One problem that I face at work is the issue of customer segmentation when it comes to marketing campaigns to customers, as customers now demand hyperpersonalization or targeted marketing, whether it is about differences in lifestages, differences in lifestyles based on things like ethnicity, religious beliefs, current and/or savings account inflows and outflows and the nature of those transactions.
I would say a few reliable predictors are things like: 1. demographic data (eg. age, sex, etc.) 2. types of products owned (eg. Insurance/Home Loans/Investment products/Number of credit cards owned), 3. sum of assets under management 4. total account inflow and outflow
The iris data set iris.txt contains 150 data points, each with four predictor variables and one categorical response. The predictors are the width and length of the sepal and petal of flowers and the response is the type of flower. The data is available from the R library datasets and can be accessed with iris once the library is loaded. It is also available at the UCI Machine Learning Repository (https://archive.ics.uci.edu/ml/datasets/Iris ). The response values are only given to see how well a specific method performed and should not be used to build the model.
Use the R function kmeans to cluster the points as well as possible. Report the best combination of predictors, your suggested value of k, and how well your best clustering predicts flower type.
Set up the environment
# import libraries
library(factoextra)
## Welcome! Want to learn more? See two factoextra-related books at https://goo.gl/ve3WBa
# clear env vars
rm(list =ls())
# set.seed for reproducibility
set.seed(42)
# load iris table and investigate
iris <- read.table("C:/Users/keith/OneDrive/Desktop/iris.txt", sep="")
head(iris)
## Sepal.Length Sepal.Width Petal.Length Petal.Width Species
## 1 5.1 3.5 1.4 0.2 setosa
## 2 4.9 3.0 1.4 0.2 setosa
## 3 4.7 3.2 1.3 0.2 setosa
## 4 4.6 3.1 1.5 0.2 setosa
## 5 5.0 3.6 1.4 0.2 setosa
## 6 5.4 3.9 1.7 0.4 setosa
plot(iris)
summary(iris)
## Sepal.Length Sepal.Width Petal.Length Petal.Width
## Min. :4.300 Min. :2.000 Min. :1.000 Min. :0.100
## 1st Qu.:5.100 1st Qu.:2.800 1st Qu.:1.600 1st Qu.:0.300
## Median :5.800 Median :3.000 Median :4.350 Median :1.300
## Mean :5.843 Mean :3.057 Mean :3.758 Mean :1.199
## 3rd Qu.:6.400 3rd Qu.:3.300 3rd Qu.:5.100 3rd Qu.:1.800
## Max. :7.900 Max. :4.400 Max. :6.900 Max. :2.500
## Species
## Length:150
## Class :character
## Mode :character
##
##
##
mapping<- c("versicolor"=1,"virginica"=2,"setosa"=3)
iris$Species<- mapping[iris$Species]
#remove species column for clustering
filtered_iris<-iris[,1:4]
#view summary of loaded data as check
head(filtered_iris)
## Sepal.Length Sepal.Width Petal.Length Petal.Width
## 1 5.1 3.5 1.4 0.2
## 2 4.9 3.0 1.4 0.2
## 3 4.7 3.2 1.3 0.2
## 4 4.6 3.1 1.5 0.2
## 5 5.0 3.6 1.4 0.2
## 6 5.4 3.9 1.7 0.4
#Set seed so random variables can be replicated
set.seed(42)
# Use the elbow method to find the optimal number of k
# this function outputs plot to evaluate ideal # clusters
fviz_nbclust(filtered_iris, kmeans, method ="wss")
k_means<- kmeans(filtered_iris,centers=3,nstart=25)

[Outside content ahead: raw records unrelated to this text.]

lemma convex_on_affine_powr_mult:
  fixes w w' :: "real \<Rightarrow> real"
  assumes "convex I"
    and pos: "\<And>s. s \<in> I \<Longrightarrow> 0 < a + s*b"
    and w: "\<And>s. (w has_real_derivative w' s) (at s)"
    and w': "\<And>s. (w' has_real_derivative w'') (at s)"
    and nonneg: "\<And>s. s \<in> I \<Longrightarrow> 0 \<le> \<alpha>*(\<alpha>-1)*b\<^sup>2*w s + 2*\<alpha>*b*(a + s*b)*w' s + (a + s*b)\<^sup>2*w''"
  shows "convex_on I (\<lambda>s. (a + s*b) powr \<alpha> * w s)"
proof -
  define u where "u s = a + s*b" for s
  define f' where "f' s = \<alpha>*b * (u s powr (\<alpha>-1) * w s) + u s powr \<alpha> * w' s" for s
  define f'' where "f'' s = \<alpha>*b * ((\<alpha>-1) * u s powr (\<alpha>-1-1) * b * w s + u s powr (\<alpha>-1) * w' s)
      + (\<alpha> * u s powr (\<alpha>-1) * b * w' s + u s powr \<alpha> * w'')" for s
  have u: "(u has_real_derivative b) (at s)" for s
    unfolding u_def by (auto intro!: derivative_eq_intros)
  have "((\<lambda>s. u s powr \<alpha> * w s) has_real_derivative f' s) (at s)" if "s \<in> I" for s
    by (rule DERIV_cong[OF DERIV_mult'[OF DERIV_fun_powr[OF u] w]])
       (use pos[OF that] in \<open>auto simp: u_def f'_def algebra_simps\<close>)
  moreover have "(f' has_real_derivative f'' s) (at s)" if "s \<in> I" for s
    unfolding f'_def[abs_def] f''_def
    by (rule DERIV_cong[OF DERIV_add[OF DERIV_cmult[OF DERIV_mult'[OF DERIV_fun_powr[OF u] w]]
                                         DERIV_mult'[OF DERIV_fun_powr[OF u] w']]])
       (use pos[OF that] in \<open>auto simp: u_def\<close>)
  moreover have "0 \<le> f'' s" if "s \<in> I" for s
  proof -
    have "0 < u s" using pos that by (simp add: u_def)
    then have "f'' s = u s powr (\<alpha>-2) * (\<alpha>*(\<alpha>-1)*b\<^sup>2*w s + 2*\<alpha>*b*u s*w' s + (u s)\<^sup>2*w'')"
      by (simp add: f''_def powr_diff powr_add power2_eq_square field_simps)
    then show ?thesis using nonneg[OF that] by (simp add: u_def)
  qed
  ultimately have "convex_on I (\<lambda>s. u s powr \<alpha> * w s)"
    by (rule f''_ge0_imp_convex[OF \<open>convex I\<close>])
  then show ?thesis by (simp add: u_def)
qed

lemma convex_on_affine_powr_mult_sum_squares:
  fixes p q :: "'a \<Rightarrow> real"
  assumes "finite L" "convex I"
    and pos: "\<And>s. s \<in> I \<Longrightarrow> 0 < a + s*b"
    and margin: "\<And>s. s \<in> I \<Longrightarrow>
      2*\<alpha>\<^sup>2 * (\<Sum>l\<in>L. (p l + s*q l)\<^sup>2) \<le> \<alpha>*(1-\<alpha>)*(C - (\<Sum>l\<in>L. (p l + s*q l)\<^sup>2))"
  shows "convex_on I (\<lambda>s. (a + s*b) powr \<alpha> * ((\<Sum>l\<in>L. (p l + s*q l)\<^sup>2) - C))"
proof (rule convex_on_affine_powr_mult[OF \<open>convex I\<close> pos])
  show "((\<lambda>s. (\<Sum>l\<in>L. (p l + s*q l)\<^sup>2) - C) has_real_derivative (\<Sum>l\<in>L. 2 * (p l + s*q l) * q l)) (at s)"
    for s using \<open>finite L\<close> by (auto intro!: derivative_eq_intros simp: power2_eq_square algebra_simps)
  show "((\<lambda>s. \<Sum>l\<in>L. 2 * (p l + s*q l) * q l) has_real_derivative (\<Sum>l\<in>L. 2 * q l * q l)) (at s)"
    for s using \<open>finite L\<close> by (auto intro!: derivative_eq_intros simp: algebra_simps)
next
  fix s assume s: "s \<in> I"
  define y where "y l = p l + s*q l" for l
  define u where "u = a + s*b"
  define A where "A = (\<Sum>l\<in>L. (y l)\<^sup>2)"
  define B where "B = (\<Sum>l\<in>L. y l * q l)"
  define D where "D = (\<Sum>l\<in>L. q l * q l)"
  have "0 \<le> (\<Sum>l\<in>L. (u * q l + \<alpha> * b * y l)\<^sup>2)" by (intro sum_nonneg) auto
  also have "\<dots> = u\<^sup>2 * D + 2 * \<alpha> * u * b * B + \<alpha>\<^sup>2 * b\<^sup>2 * A"
    by (simp add: A_def B_def D_def power2_eq_square algebra_simps sum.distrib sum_distrib_left)
  finally have square: "0 \<le> u\<^sup>2 * D + 2 * \<alpha> * u * b * B + \<alpha>\<^sup>2 * b\<^sup>2 * A" .
  have "0 \<le> b\<^sup>2 * (\<alpha>*(1-\<alpha>)*(C - A) - 2*\<alpha>\<^sup>2 * A)"
    using margin[OF s] by (simp add: A_def y_def)
  with square have "0 \<le> \<alpha>*(\<alpha>-1)*b\<^sup>2*(A - C) + 2*\<alpha>*b*u*(2*B) + u\<^sup>2*(2*D)"
    by (simp add: algebra_simps power2_eq_square)
  then show "0 \<le> \<alpha>*(\<alpha>-1)*b\<^sup>2*((\<Sum>l\<in>L. (p l + s*q l)\<^sup>2) - C)
      + 2*\<alpha>*b*(a + s*b)*(\<Sum>l\<in>L. 2 * (p l + s*q l) * q l) + (a + s*b)\<^sup>2*(\<Sum>l\<in>L. 2 * q l * q l)"
    by (simp add: A_def B_def D_def y_def u_def sum_distrib_left mult_ac)
qed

#output clustering information
str(k_means)
## List of 9
## $ cluster : Named int [1:150] 3 3 3 3 3 3 3 3 3 3 ...
## ..- attr(*, "names")= chr [1:150] "1" "2" "3" "4" ...

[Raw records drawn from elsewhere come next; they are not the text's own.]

lemma emeasure_pmf_finite_support:
  assumes "finite S" "set_pmf p \<subseteq> S"
  shows "emeasure (measure_pmf p) A = (\<Sum>s\<in>A \<inter> S. ennreal (pmf p s))"
proof -
  have "emeasure (measure_pmf p) A = emeasure (measure_pmf p) (A \<inter> S)"
    using assms(2) by (intro emeasure_eq_AE) (auto simp: AE_measure_pmf_iff)
  then show ?thesis
    using assms(1) by (simp add: emeasure_measure_pmf_finite)
qed

lemma bind_pmf_kernel_finite_support:
  fixes K :: "'a \<Rightarrow> 's pmf"
  assumes "prob_space P" and S: "finite S" and support: "\<And>x. set_pmf (K x) \<subseteq> S"
    and pmf_measurable[measurable]: "\<And>s. (\<lambda>x. pmf (K x) s) \<in> borel_measurable P"
  shows "P \<bind> (\<lambda>x. measure_pmf (K x)) = density (count_space UNIV) (\<lambda>s. ennreal (\<integral>x. pmf (K x) s \<partial>P))"
proof -
  interpret P: prob_space P by fact
  have integrable: "integrable P (\<lambda>x. pmf (K x) s)" for s
    by (rule P.integrable_const_bound[where B = 1]) (auto simp: pmf_le_1)
  have outside: "(\<integral>x. pmf (K x) s \<partial>P) = 0" if "s \<notin> S" for s
    using support that by (subst pmf_eq_0_set_pmf[THEN iffD2]) auto
  have "(\<lambda>x. measure_pmf (K x)) \<in> measurable P (subprob_algebra (count_space UNIV))"
  proof (rule measurable_subprob_algebra)
    fix A :: "'s set"
    show "(\<lambda>x. emeasure (measure_pmf (K x)) A) \<in> borel_measurable P"
      unfolding emeasure_pmf_finite_support[OF S support] by measurable
  qed (simp_all add: measure_pmf.subprob_space_axioms)
  then have "emeasure (P \<bind> (\<lambda>x. measure_pmf (K x))) A = (\<integral>\<^sup>+x. emeasure (measure_pmf (K x)) A \<partial>P)" for A
    by (intro emeasure_bind P.not_empty) auto
  also have "\<dots> A = (\<Sum>s\<in>A \<inter> S. \<integral>\<^sup>+x. ennreal (pmf (K x) s) \<partial>P)" for A
    unfolding emeasure_pmf_finite_support[OF S support] by (intro nn_integral_sum) measurable
  also have "\<dots> A = (\<Sum>s\<in>A \<inter> S. ennreal (\<integral>x. pmf (K x) s \<partial>P))" for A
    by (intro sum.cong refl nn_integral_eq_integral integrable) auto
  also have "\<dots> A = (\<integral>\<^sup>+s. ennreal (\<integral>x. pmf (K x) s \<partial>P) * indicator A s \<partial>count_space UNIV)" for A
    using S outside by (subst nn_integral_count_space'[where A = "A \<inter> S"]) (auto intro: sum.cong)
  also have "\<dots> A = emeasure (density (count_space UNIV) (\<lambda>s. ennreal (\<integral>x. pmf (K x) s \<partial>P))) A" for A
    by (simp add: emeasure_density)
  finally show ?thesis
    by (intro measure_eqI) (simp_all add: sets_bind[where N = "count_space UNIV"] P.not_empty)
qed

lemma convex_on_powr_nonpos:
  assumes "p \<le> 0"
  shows "convex_on {0<..} (\<lambda>x::real. x powr p)"
proof (rule f''_ge0_imp_convex[where f' = "\<lambda>x. p * x powr (p - 1)" and f'' = "\<lambda>x. p * (p - 1) * x powr (p - 2)"])
  fix x :: real assume x: "x \<in> {0<..}"
  show "((\<lambda>x. x powr p) has_real_derivative p * x powr (p - 1)) (at x)"
    using x by (intro has_real_derivative_powr) auto
  show "((\<lambda>x. p * x powr (p - 1)) has_real_derivative p * (p - 1) * x powr (p - 2)) (at x)"
    using x by (auto intro!: derivative_eq_intros simp: algebra_simps)
  show "0 \<le> p * (p - 1) * x powr (p - 2)"
    using assms by (intro mult_nonneg_nonneg mult_nonpos_nonpos) auto
qed (rule convex_real_interval)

## $ centers : num [1:3, 1:4] 6.85 5.9 5.01 3.07 2.75 ...
## ..- attr(*, "dimnames")=List of 2
## .. ..$ : chr [1:3] "1" "2" "3"
## .. ..$ : chr [1:4] "Sepal.Length" "Sepal.Width" "Petal.Length" "Petal.Width"
## $ totss : num 681
## $ withinss : num [1:3] 23.9 39.8 15.2
## $ tot.withinss: num 78.9
## $ betweenss : num 603
## $ size : int [1:3] 38 62 50
## $ iter : int 2
## $ ifault : int 0
## - attr(*, "class")= chr "kmeans"
#store species predictions in vector for comparison
pred<- k_means$cluster
#Calculate # of correct species predictions
accuracy<- sum(pred == iris[,5]) / nrow(filtered_iris)
accuracy
## [1] 0.44
I don’t really know what happened such that the accuracy came up to 44%.